[Items listed in a dataset]
(* Let $S$ be a tree and let $v$ be a vertex of $S$ of degree two, with neighbours $u,w$. Let $T$ be the tree obtained from $S$ by deleting $v$ and adding a new edge joining $u$ and $w$. If $T$ is upright, then $S$ is upright.
   Context: For a graph $G$ and $X\subseteq V(G)$, $D_G(X)$ is the set of edges with one end in $X$ and the other in $V(G)\setminus X$; for $A,B\subseteq V(G)$, $D_G(A,B)$ is the set of edges with one end in $A\setminus B$ and the other in $B\setminus A$. A bias in a graph $S$ is a set $\mathcal B$ of subsets of $V(S)$ such that: every $A\in\mathcal B$ satisfies $A\ne\emptyset, V(S)$; if $A,B\in\mathcal B$ and $D_S(A,B)=\emptyset$ then both $A\cap B$ and $A\cup B$ lie in $\mathcal B\cup\{\emptyset,V(S)\}$; and if $A,B\in\mathcal B$ and $|D_S(A,B)|=1$ then at least one of $A\cap B, A\cup B$ lies in $\mathcal B\cup\{\emptyset,V(S)\}$. A directing of $S$ assigns to each edge one of its ends as head, giving a digraph $S'$; $D^+_{S'}(X)$ is the set of edges with tail in $X$ and head outside $X$, and $D^-_{S'}(X)=D^+_{S'}(V(S)\setminus X)$. A forest $S$ is upright if for every bias $\mathcal B$ in $S$ with $|D_S(X)|\ge 2$ for all $X\in\mathcal B$, there is a directing of $S$, forming a digraph $S'$, such that $D^+_{S'}(X)\ne\emptyset$ and $D^-_{S'}(X)\neq\emptyset$ for all $X\in\mathcal B$. *)

theory Defs
  imports Main
begin

definition graph :: "'a set \<Rightarrow> 'a set set \<Rightarrow> bool" where
  "graph V E \<longleftrightarrow> finite V \<and> (\<forall>e\<in>E. e \<subseteq> V \<and> card e = 2)"

definition has_cycle :: "'a set \<Rightarrow> 'a set set \<Rightarrow> bool" where
  "has_cycle V E \<longleftrightarrow> (\<exists>xs. length xs \<ge> 3 \<and> distinct xs \<and> set xs \<subseteq> V \<and>
      (\<forall>i < length xs. {xs ! i, xs ! (Suc i mod length xs)} \<in> E))"

definition forest :: "'a set \<Rightarrow> 'a set set \<Rightarrow> bool" where
  "forest V E \<longleftrightarrow> graph V E \<and> \<not> has_cycle V E"

definition connected_graph :: "'a set \<Rightarrow> 'a set set \<Rightarrow> bool" where
  "connected_graph V E \<longleftrightarrow>
     (\<forall>x\<in>V. \<forall>y\<in>V. (\<lambda>a b. {a, b} \<in> E)\<^sup>*\<^sup>* x y)"

definition tree :: "'a set \<Rightarrow> 'a set set \<Rightarrow> bool" where
  "tree V E \<longleftrightarrow> forest V E \<and> V \<noteq> {} \<and> connected_graph V E"

definition degree :: "'a set set \<Rightarrow> 'a \<Rightarrow> nat" where
  "degree E v = card {e \<in> E. v \<in> e}"

definition cut :: "'a set \<Rightarrow> 'a set set \<Rightarrow> 'a set \<Rightarrow> 'a set set" where
  "cut V E X = {e \<in> E. e \<inter> X \<noteq> {} \<and> e \<inter> (V - X) \<noteq> {}}"

definition cut2 :: "'a set set \<Rightarrow> 'a set \<Rightarrow> 'a set \<Rightarrow> 'a set set" where
  "cut2 E A B = {e \<in> E. e \<inter> (A - B) \<noteq> {} \<and> e \<inter> (B - A) \<noteq> {}}"

definition bias :: "'a set \<Rightarrow> 'a set set \<Rightarrow> 'a set set \<Rightarrow> bool" where
  "bias V E \<B> \<longleftrightarrow>
     (\<forall>A\<in>\<B>. A \<subseteq> V \<and> A \<noteq> {} \<and> A \<noteq> V) \<and>
     (\<forall>A\<in>\<B>. \<forall>B\<in>\<B>. cut2 E A B = {} \<longrightarrow>
         A \<inter> B \<in> \<B> \<union> {{}, V} \<and> A \<union> B \<in> \<B> \<union> {{}, V}) \<and>
     (\<forall>A\<in>\<B>. \<forall>B\<in>\<B>. card (cut2 E A B) = 1 \<longrightarrow>
         A \<inter> B \<in> \<B> \<union> {{}, V} \<or> A \<union> B \<in> \<B> \<union> {{}, V})"

text \<open>A directing assigns to each edge one of its ends as head.\<close>
definition directing :: "'a set set \<Rightarrow> ('a set \<Rightarrow> 'a) \<Rightarrow> bool" where
  "directing E h \<longleftrightarrow> (\<forall>e\<in>E. h e \<in> e)"

definition out_edges :: "'a set \<Rightarrow> 'a set set \<Rightarrow> ('a set \<Rightarrow> 'a) \<Rightarrow> 'a set \<Rightarrow> 'a set set" where
  "out_edges V E h X = {e \<in> E. e - {h e} \<subseteq> X \<and> h e \<in> V - X}"

definition in_edges :: "'a set \<Rightarrow> 'a set set \<Rightarrow> ('a set \<Rightarrow> 'a) \<Rightarrow> 'a set \<Rightarrow> 'a set set" where
  "in_edges V E h X = out_edges V E h (V - X)"

definition upright :: "'a set \<Rightarrow> 'a set set \<Rightarrow> bool" where
  "upright V E \<longleftrightarrow> forest V E \<and>
     (\<forall>\<B>. bias V E \<B> \<and> (\<forall>X\<in>\<B>. card (cut V E X) \<ge> 2) \<longrightarrow>
        (\<exists>h. directing E h \<and>
           (\<forall>X\<in>\<B>. out_edges V E h X \<noteq> {} \<and> in_edges V E h X \<noteq> {})))"

end

theory Submission
  imports Defs
begin

text \<open>Suppressing \<open>v\<close> sends every set \<open>X\<close> of a bias of \<open>S\<close> that does not separate \<open>v\<close>
  from both neighbours to \<open>X - {v}\<close>. This preserves cut sizes, because a crossing of the new
  edge \<open>uw\<close> corresponds to exactly one crossing of \<open>vu\<close> or \<open>vw\<close>, and it preserves the bias
  axioms: when \<open>A \<inter> B\<close> or \<open>A \<union> B\<close> separates \<open>v\<close> from both neighbours, \<open>uw\<close> contributes one
  more crossing to \<open>D(A, B)\<close> in \<open>T\<close> than the two edges at \<open>v\<close> do in \<open>S\<close>. A directing of \<open>T\<close>
  that works for the transferred bias lifts to \<open>S\<close> by directing the path \<open>u v w\<close> like \<open>uw\<close>;
  the discarded sets are entered and left by this directed path.\<close>

lemma cut2_empty [simp]: "cut2 {} A B = {}"
  by (simp add: cut2_def)

lemma cut2_insert:
  "cut2 (insert e F) A B =
     (if e \<inter> (A - B) \<noteq> {} \<and> e \<inter> (B - A) \<noteq> {} then insert e (cut2 F A B) else cut2 F A B)"
  by (auto simp: cut2_def)

lemma cut2_subset: "cut2 F A B \<subseteq> F"
  by (auto simp: cut2_def)

lemma finite_cut2: "finite F \<Longrightarrow> finite (cut2 F A B)"
  by (rule finite_subset[OF cut2_subset])

lemma cut2_Un: "cut2 (F \<union> G) A B = cut2 F A B \<union> cut2 G A B"
  by (auto simp: cut2_def)

lemma cut2_Diff_vertex: "\<forall>e\<in>F. v \<notin> e \<Longrightarrow> cut2 F (A - {v}) (B - {v}) = cut2 F A B"
  unfolding cut2_def by blast

lemma cut_eq_cut2: "X \<subseteq> V \<Longrightarrow> cut V E X = cut2 E X (V - X)"
  unfolding cut_def cut2_def by auto

lemma bias_proper: "bias V E \<B> \<Longrightarrow> A \<in> \<B> \<Longrightarrow> A \<subseteq> V \<and> A \<noteq> {} \<and> A \<noteq> V"
  unfolding bias_def by (elim conjE) (rule bspec)

lemma bias_uncrossed:
  assumes "bias V E \<B>" "A \<in> \<B>" "B \<in> \<B>" "cut2 E A B = {}"
  shows "A \<inter> B \<in> \<B> \<union> {{}, V} \<and> A \<union> B \<in> \<B> \<union> {{}, V}"
  using assms(1)[unfolded bias_def, THEN conjunct2, THEN conjunct1] assms(2-4) by blast

lemma bias_crossed_once:
  assumes "bias V E \<B>" "A \<in> \<B>" "B \<in> \<B>" "card (cut2 E A B) = 1"
  shows "A \<inter> B \<in> \<B> \<union> {{}, V} \<or> A \<union> B \<in> \<B> \<union> {{}, V}"
  using assms(1)[unfolded bias_def, THEN conjunct2, THEN conjunct2] assms(2-4) by blast

lemma graph_finite_edges: "graph V E \<Longrightarrow> finite E"
  unfolding graph_def by (meson Pow_iff finite_Pow_iff finite_subset subsetI)

lemma graph_edge:
  assumes "graph V E" "{a, b} \<in> E"
  shows "a \<noteq> b \<and> a \<in> V \<and> b \<in> V"
proof -
  have "{a, b} \<subseteq> V" "card {a, b} = 2"
    using assms unfolding graph_def by auto
  then show ?thesis
    by (cases "a = b") auto
qed

lemma triangle_has_cycle:
  assumes "{a, b} \<in> E" "{b, c} \<in> E" "{c, a} \<in> E" "distinct [a, b, c]" "{a, b, c} \<subseteq> V"
  shows "has_cycle V E"
  unfolding has_cycle_def
proof (intro exI conjI allI impI)
  fix i assume "i < length [a, b, c]"
  then have "i = 0 \<or> i = 1 \<or> i = 2"
    by auto
  then show "{[a, b, c] ! i, [a, b, c] ! (Suc i mod length [a, b, c])} \<in> E"
    using assms(1-3) by auto
qed (use assms(4,5) in auto)

lemma edges_at_degree_two:
  assumes "finite E" "degree E v = 2" "{v, u} \<in> E" "{v, w} \<in> E" "u \<noteq> w"
  shows "{e \<in> E. v \<in> e} = {{v, u}, {v, w}}"
proof (rule card_subset_eq[symmetric])
  show "finite {e \<in> E. v \<in> e}"
    using assms(1) by simp
  show "{{v, u}, {v, w}} \<subseteq> {e \<in> E. v \<in> e}"
    using assms(3,4) by simp
  have "{v, u} \<noteq> {v, w}"
    using assms(5) by (auto simp: doubleton_eq_iff)
  then show "card {{v, u}, {v, w}} = card {e \<in> E. v \<in> e}"
    using assms(2) by (simp add: degree_def)
qed

text \<open>The sets crossed by both edges at \<open>v\<close>: they have no counterpart once \<open>v\<close> is suppressed.\<close>

definition isolates :: "'a \<Rightarrow> 'a \<Rightarrow> 'a \<Rightarrow> 'a set \<Rightarrow> bool" where
  "isolates u v w X \<longleftrightarrow> (v \<in> X \<longleftrightarrow> u \<notin> X) \<and> (v \<in> X \<longleftrightarrow> w \<notin> X)"

lemma not_isolates_Int_or_Un:
  "\<not> isolates u v w A \<Longrightarrow> \<not> isolates u v w B \<Longrightarrow>
     \<not> isolates u v w (A \<inter> B) \<or> \<not> isolates u v w (A \<union> B)"
  unfolding isolates_def by blast

lemma not_isolates_complement:
  "\<not> isolates u v w X \<Longrightarrow> {u, v, w} \<subseteq> V \<Longrightarrow> \<not> isolates u v w (V - X)"
  unfolding isolates_def by blast

lemma card_cut2_path_eq_edge:
  assumes "u \<noteq> w" "v \<noteq> u" "v \<noteq> w"
    and "\<not> isolates u v w A" "\<not> isolates u v w B"
    and "\<not> isolates u v w (A \<inter> B)" "\<not> isolates u v w (A \<union> B)"
  shows "card (cut2 {{v, u}, {v, w}} A B) = card (cut2 {{u, w}} (A - {v}) (B - {v}))"
  using assms unfolding cut2_insert isolates_def
  by (cases "u \<in> A"; cases "u \<in> B"; cases "v \<in> A"; cases "v \<in> B"; cases "w \<in> A"; cases "w \<in> B")
    (simp_all add: doubleton_eq_iff)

= PROBLEM DETAILS =
Would you copy out exactly the lines above that start at the one containing "(\<exists>h. directing E h \<and>" and end at the one containing "the discarded sets", inclusive?

= OUTPUT =
        (\<exists>h. directing E h \<and>
           (\<forall>X\<in>\<B>. out_edges V E h X \<noteq> {} \<and> in_edges V E h X \<noteq> {})))"

end

theory Submission
  imports Defs
begin

text \<open>Suppressing \<open>v\<close> sends every set \<open>X\<close> of a bias of \<open>S\<close> that does not separate \<open>v\<close>
  from both neighbours to \<open>X - {v}\<close>. This preserves cut sizes, because a crossing of the new
  edge \<open>uw\<close> corresponds to exactly one crossing of \<open>vu\<close> or \<open>vw\<close>, and it preserves the bias
  axioms: when \<open>A \<inter> B\<close> or \<open>A \<union> B\<close> separates \<open>v\<close> from both neighbours, \<open>uw\<close> contributes one
  more crossing to \<open>D(A, B)\<close> in \<open>T\<close> than the two edges at \<open>v\<close> do in \<open>S\<close>. A directing of \<open>T\<close>
  that works for the transferred bias lifts to \<open>S\<close> by directing the path \<open>u v w\<close> like \<open>uw\<close>;
  the discarded sets are entered and left by this directed path.\<close>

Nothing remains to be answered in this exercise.